This project implements a data processing pipeline to parse, structure, and analyze ancient Sanskrit texts, including the Rigveda, the oldest of the sacred Vedic Sanskrit texts.
The core script transforms complex, deeply nested hierarchical data (organized by Mandala → Sukta → Verse) into a flat, machine-readable Pandas DataFrame. This structure serves as a foundational "Parallel Corpus" for downstream Natural Language Processing (NLP) and Digital Humanities research, enabling simultaneous analysis of the original Sanskrit (phonetics/meter) and English translations (semantics).

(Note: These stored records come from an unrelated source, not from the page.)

(* Let $a,b>0$, $0<\alpha<1$, $0<A<1$, $B>0$ and $\beta=A+iB$. Define for $\omega>0$ $$\hat E(\omega)=a(i\omega)^{\alpha}+b\big((i\omega)^{\beta}+(i\omega)^{\bar\beta}\big).$$ (i) If $\operatorname{Re}\hat E(\omega)\ge0$ and $\operatorname{Im}\hat E(\omega)\ge 0$ for all $\omega>0$, then $A=\alpha$. (ii) If $A=\alpha$, then $\operatorname{Re}\hat E(\omega)\ge0$ and $\operatorname{Im}\hat E(\omega)\ge 0$ for all $\omega>0$ if and only if $$a\ge 2b\cosh\frac{B\pi}{2}\sqrt{1+\Big(\cot\frac{\alpha\pi}{2}\tanh\frac{B\pi}{2}\Big)^2}\quad\text{when }\alpha\in(0,\tfrac12],$$ $$a\ge 2b\cosh\frac{B\pi}{2}\sqrt{1+\Big(\tan\frac{\alpha\pi}{2}\tanh\frac{B\pi}{2}\Big)^2}\quad\text{when }\alpha\in[\tfrac12,1).$$ In particular these conditions imply $a\ge 2b$.
   Context: For $\omega>0$ and $\gamma\in\mathbb C$, $(i\omega)^\gamma=\omega^\gamma e^{i\gamma\pi/2}$ with $\omega^\gamma=e^{\gamma\ln\omega}$ (principal branch). *)

theory Defs
  imports "HOL-Analysis.Analysis"
begin

text \<open>(i omega) powered to gamma, for omega > 0: omega^gamma * e^(i gamma pi/2),
  with omega^gamma = exp(gamma ln omega) (principal branch).\<close>
definition ipow :: "real \<Rightarrow> complex \<Rightarrow> complex" where
  "ipow \<omega> \<gamma> = exp (\<gamma> * complex_of_real (ln \<omega>)) * exp (\<gamma> * \<i> * complex_of_real pi / 2)"

definition Ehat :: "real \<Rightarrow> real \<Rightarrow> real \<Rightarrow> complex \<Rightarrow> real \<Rightarrow> complex" where
  "Ehat a b \<alpha> \<beta> \<omega> =
     complex_of_real a * ipow \<omega> (complex_of_real \<alpha>)
     + complex_of_real b * (ipow \<omega> \<beta> + ipow \<omega> (cnj \<beta>))"

end

theory Submission
  imports Defs
begin

(*
  Write omega = exp L. For gamma = x + i y the power (i omega)^gamma has
  modulus exp (x L - y pi/2) and argument y L + x pi/2, so with C = cosh (B pi/2),
  S = sinh (B pi/2) and the phase t = B L

    Re E = a e^(alpha L) cos (alpha pi/2) + 2 b e^(A L) (C cos (A pi/2) cos t + S sin (A pi/2) sin t),
    Im E = a e^(alpha L) sin (alpha pi/2) + 2 b e^(A L) (C sin (A pi/2) cos t - S cos (A pi/2) sin t).

  (i) If A <> alpha, take t an odd multiple of pi with e^((alpha - A) L) tiny: the term
      -2 b C cos (A pi/2) e^(A L) then makes the real part negative.
  (ii) If A = alpha, both parts are e^(alpha L) times a shifted harmonic K + x cos t + y sin t,
      t ranges over all reals, and such a function is nonnegative iff K >= sqrt (x^2 + y^2).
      This turns the real part condition into the tan-bound and the imaginary part
      condition into the cot-bound; which one is stronger depends on alpha <= 1/2.
  (iii) Since cosh >= 1 and the square roots are >= 1, either bound gives a >= 2 b.
*)

section \<open>Polar form of the fractional powers\<close>

lemma Re_ipow:
  "Re (ipow w (Complex x y)) = exp (x * ln w - y * pi / 2) * cos (y * ln w + x * pi / 2)"
  unfolding ipow_def exp_add[symmetric] Re_exp by (simp add: algebra_simps)

lemma Im_ipow:
  "Im (ipow w (Complex x y)) = exp (x * ln w - y * pi / 2) * sin (y * ln w + x * pi / 2)"
  unfolding ipow_def exp_add[symmetric] Im_exp by (simp add: algebra_simps)

text \<open>The two conjugate terms combine into \<open>cosh\<close>/\<open>sinh\<close> of \<open>B\<pi>/2\<close>.\<close>

lemma Re_Ehat:
  "Re (Ehat a b \<alpha> (Complex A B) w) = a * exp (\<alpha> * ln w) * cos (\<alpha> * pi / 2)
     + 2 * b * exp (A * ln w) * (cosh (B * pi / 2) * cos (A * pi / 2) * cos (B * ln w)
                                + sinh (B * pi / 2) * sin (A * pi / 2) * sin (B * ln w))"
proof -
  have conj: "cnj (Complex A B) = Complex A (- B)" and real: "complex_of_real \<alpha> = Complex \<alpha> 0"
    by (simp_all add: complex_eq_iff)
  have "exp (A * ln w - B * pi / 2) = exp (A * ln w) * exp (- (B * pi / 2))"
       "exp (A * ln w - (- B) * pi / 2) = exp (A * ln w) * exp (B * pi / 2)"
    by (simp_all add: exp_add[symmetric])
  then show ?thesis
    unfolding Ehat_def conj real plus_complex.sel times_complex.sel Re_ipow Im_ipow
    by (simp add: cos_add cos_diff cosh_def sinh_def algebra_simps)
qed

lemma Im_Ehat:
  "Im (Ehat a b \<alpha> (Complex A B) w) = a * exp (\<alpha> * ln w) * sin (\<alpha> * pi / 2)
     + 2 * b * exp (A * ln w) * (cosh (B * pi / 2) * sin (A * pi / 2) * cos (B * ln w)
                                - sinh (B * pi / 2) * cos (A * pi / 2) * sin (B * ln w))"
proof -
  have conj: "cnj (Complex A B) = Complex A (- B)" and real: "complex_of_real \<alpha> = Complex \<alpha> 0"
    by (simp_all add: complex_eq_iff)
  have "exp (A * ln w - B * pi / 2) = exp (A * ln w) * exp (- (B * pi / 2))"
       "exp (A * ln w - (- B) * pi / 2) = exp (A * ln w) * exp (B * pi / 2)"
    by (simp_all add: exp_add[symmetric])
  then show ?thesis
    unfolding Ehat_def conj real plus_complex.sel times_complex.sel Re_ipow Im_ipow
    by (simp add: sin_add sin_diff cosh_def sinh_def algebra_simps)
qed

section \<open>Nonnegativity of shifted harmonics\<close>

text \<open>\<open>K + x cos t + y sin t\<close> oscillates with amplitude \<open>\<surd>(x\<^sup>2 + y\<^sup>2)\<close> around \<open>K\<close>.\<close>

lemma shifted_harmonic_nonneg_iff:
  fixes K x y :: real
  shows "(\<forall>t. K + x * cos t + y * sin t \<ge> 0) \<longleftrightarrow> K \<ge> 0 \<and> x\<^sup>2 + y\<^sup>2 \<le> K\<^sup>2"
proof
  assume nonneg: "\<forall>t. K + x * cos t + y * sin t \<ge> 0"
  define r where "r = sqrt (x\<^sup>2 + y\<^sup>2)"
  show "K \<ge> 0 \<and> x\<^sup>2 + y\<^sup>2 \<le> K\<^sup>2"
  proof (cases "r = 0")
    case True
    then have "x = 0" "y = 0" by (auto simp: r_def sum_power2_eq_zero_iff)
    with nonneg show ?thesis by auto
  next
    case False
    moreover have "r \<ge> 0" by (simp add: r_def)
    ultimately have "r > 0" by linarith
    moreover have "r\<^sup>2 = x\<^sup>2 + y\<^sup>2" by (simp add: r_def)
    ultimately have r: "r > 0" "r\<^sup>2 = x\<^sup>2 + y\<^sup>2" by blast+
    have "(- x / r)\<^sup>2 + (- y / r)\<^sup>2 = (x\<^sup>2 + y\<^sup>2) / r\<^sup>2"
      by (simp only: power_divide power2_minus add_divide_distrib)
    also have "\<dots> = 1" unfolding r(2)[symmetric] using r(1) by simp
    finally have "(- x / r)\<^sup>2 + (- y / r)\<^sup>2 = 1" .
    then obtain t where t: "- x / r = cos t" "- y / r = sin t" by (rule sincos_total_2pi)
    text \<open>At the phase opposite to \<open>(x, y)\<close> the harmonic attains its minimum \<open>K - r\<close>.\<close>
    have "K + x * cos t + y * sin t = K - r\<^sup>2 / r"
      unfolding t[symmetric] r(2) by (simp add: power2_eq_square diff_divide_distrib add_divide_distrib)
    also have "\<dots> = K - r" using r(1) by (simp add: power2_eq_square)
    finally have "r \<le> K" using nonneg by (metis diff_ge_0_iff_ge)
    then show ?thesis using r power_mono[of r K 2] by simp
  qed
next
  assume bound: "K \<ge> 0 \<and> x\<^sup>2 + y\<^sup>2 \<le> K\<^sup>2"
  show "\<forall>t. K + x * cos t + y * sin t \<ge> 0"
  proof
    fix t
    text \<open>Cauchy--Schwarz in the plane, in Lagrange's form.\<close>
    have "(x * cos t + y * sin t)\<^sup>2 + (x * sin t - y * cos t)\<^sup>2 = x\<^sup>2 + y\<^sup>2"
      using sin_cos_squared_add[of t] by algebra
    then have "(x * cos t + y * sin t)\<^sup>2 \<le> K\<^sup>2"
      using bound zero_le_power2[of "x * sin t - y * cos t"] by linarith
    then have "\<bar>x * cos t + y * sin t\<bar> \<le> K" using bound by (metis abs_le_square_iff abs_of_nonneg)
    then show "K + x * cos t + y * sin t \<ge> 0" by linarith
  qed
qed

text \<open>The same criterion, normalised to the shape of the bounds in the theorem:
  for \<open>p, k > 0\<close> the harmonic \<open>p a + p k cos t + y sin t\<close> is nonnegative iff
  \<open>a \<ge> k \<surd>(1 + (y / (p k))\<^sup>2)\<close>.\<close>

lemma scaled_harmonic_nonneg_iff:
  fixes a k p y :: real
  assumes "p > 0" and "k > 0"
  shows "(\<forall>t. p * a + p * k * cos t + y * sin t \<ge> 0) \<longleftrightarrow> a \<ge> k * sqrt (1 + (y / (p * k))\<^sup>2)"
proof -
  have "k\<^sup>2 * (1 + (y / (p * k))\<^sup>2) = k\<^sup>2 + (y / p)\<^sup>2"
    using assms by (simp add: field_simps power2_eq_square)
  then have rhs: "k * sqrt (1 + (y / (p * k))\<^sup>2) = sqrt (k\<^sup>2 + (y / p)\<^sup>2)"
    using assms by (metis real_sqrt_mult abs_of_pos real_sqrt_abs)
  have "(p * k)\<^sup>2 + y\<^sup>2 \<le> (p * a)\<^sup>2 \<longleftrightarrow> k\<^sup>2 + (y / p)\<^sup>2 \<le> a\<^sup>2"
    using assms by (simp add: power_mult_distrib power_divide field_simps)
  moreover have "a \<ge> 0 \<and> X \<le> a\<^sup>2 \<longleftrightarrow> sqrt X \<le> a" if "X \<ge> 0" for X
  proof
    assume le: "sqrt X \<le> a"
    have "0 \<le> sqrt X" using that by simp
    then have "a \<ge> 0" using le by linarith
    then show "a \<ge> 0 \<and> X \<le> a\<^sup>2" using le that power_mono[of "sqrt X" a 2] by simp
  qed (use real_le_lsqrt in blast)
  ultimately show ?thesis
    unfolding shifted_harmonic_nonneg_iff rhs using assms by (simp add: zero_le_mult_iff)
qed

section \<open>Part (i): the two orders must agree\<close>

lemma cos_half_pi_pos:
  fixes x :: real
  assumes "\<bar>x\<bar> < 1"
  shows "cos (x * pi / 2) > 0"
proof -
  have "\<bar>x * pi / 2\<bar> = \<bar>x\<bar> * (pi / 2)" by (simp add: abs_mult)
  also have "\<dots> < pi / 2" using assms by simp
  finally show ?thesis by (intro cos_gt_zero_pi) (auto simp: abs_less_iff)
qed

The raw data exists in a nested dictionary format where structural inconsistencies (e.g., varying depths for samhita vs padapatha text) make direct analysis difficult.
Input Structure:
Mandala -> Sukta -> Verse -> {Nested Dictionary of Devanagari, Transliteration, Translations}
Output Structure: A clean, tabular DataFrame where every row represents a single Rik (verse) with aligned attributes.
- Robust Parsing: Handles exceptions and irregular schema structures (e.g., missing keys for specific verses).

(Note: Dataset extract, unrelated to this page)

(* Let $\tau\in[0,1]$, let $P$ be a real symmetric positive semidefinite $n\times n$ matrix, and let $\theta$ satisfy $0<\theta<((1-\tau)\|P\|)^{-1}$ (interpreted as $\theta>0$ when $\tau=1$ or $P=0$). Then: (1) the function $\vartheta\mapsto\gamma_\tau(P,\vartheta)$ is monotone increasing on $\{\vartheta>0:\ \vartheta(1-\tau)\|P\|<1\}$; (2) if $Q$ is a symmetric positive semidefinite $n\times n$ matrix with $P\ge Q$, then $\gamma_\tau(P,\theta)\ge\gamma_\tau(Q,\theta)$; (3) if $P\neq0$, then $\gamma_\tau(P,\theta)>0$.
   Context: $\|\cdot\|$ is the spectral norm; $\ge$ the Loewner order. For $P$ positive semidefinite, $L_P$ is any matrix with $P=L_PL_P^T$; matrix powers and $\exp$ of symmetric matrices are defined through eigendecomposition. The function $\gamma_\tau$: for positive semidefinite $P$ and $\theta\ge0$ with $\theta(1-\tau)\|P\|<1$, $\gamma_0(P,\theta)=-\log\det((I_n-\theta P)^{-1})+\mathrm{tr}((I_n-\theta P)^{-1}-I_n)$; for $0<\tau<1$, $\gamma_\tau(P,\theta)=\mathrm{tr}\big(-\frac{1}{\tau(1-\tau)}(I_n-\theta(1-\tau)L_P^TL_P)^{\frac{\tau}{\tau-1}}+\frac1{1-\tau}(I_n-\theta(1-\tau)L_P^TL_P)^{\frac{1}{\tau-1}}+\frac1\tau I_n\big)$; $\gamma_1(P,\theta)=\mathrm{tr}(\exp(\theta L_P^TL_P)(\theta L_P^TL_P-I_n)+I_n)$. (The value does not depend on the choice of $L_P$.) *)

theory Defs
  imports "HOL-Analysis.Analysis"
begin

- Text Normalization: Extracts both:
sanskrit_verse: Raw Devanagari text (suitable for string matching).display_sanskrit: Accented Vedic text with Svaras (suitable for phonetic/prosody analysis).
- Parallel Text Alignment: Aligns the Sanskrit source with English translations for bitext analysis.
- Python 3.x
- Pandas
pip install pandasThe resulting DataFrame (cleaned_df) contains the following columns:
| Column Name | Type | Description |
|---|---|---|
| mandala | String | The book number (1-10) of the Rigveda. |
| sukta | String | The hymn number within the Mandala. |
| verse_num | Int | The specific verse (Rik) number. |
| sanskrit_verse | String | Samhita text. Continuous recitation format. Best for general text processing. |
| display_sanskrit | String | Accented text. Contains Vedic accents (Svaras). Essential for analyzing meter and chanting intonation. |
| english_translation | String | English translation of the verse. Used for semantic analysis and topic modeling. |
The extraction logic iterates through the source dictionary to flatten the structure:
# (Simplified logic)
import pandas as pd
# Iterate through Mandalas and Suktas
# Extract Samhita and Translation
# Handle KeyErrors via try/except blocks
print(cleaned_df.head())This project is currently in the Data Engineering phase. The next steps focus on NLP and Exploratory Data Analysis (EDA):
-
Linguistic Analysis (Sanskrit)
- Sandhi Splitting: Implement tools (e.g., CLTK) to split merged compound words.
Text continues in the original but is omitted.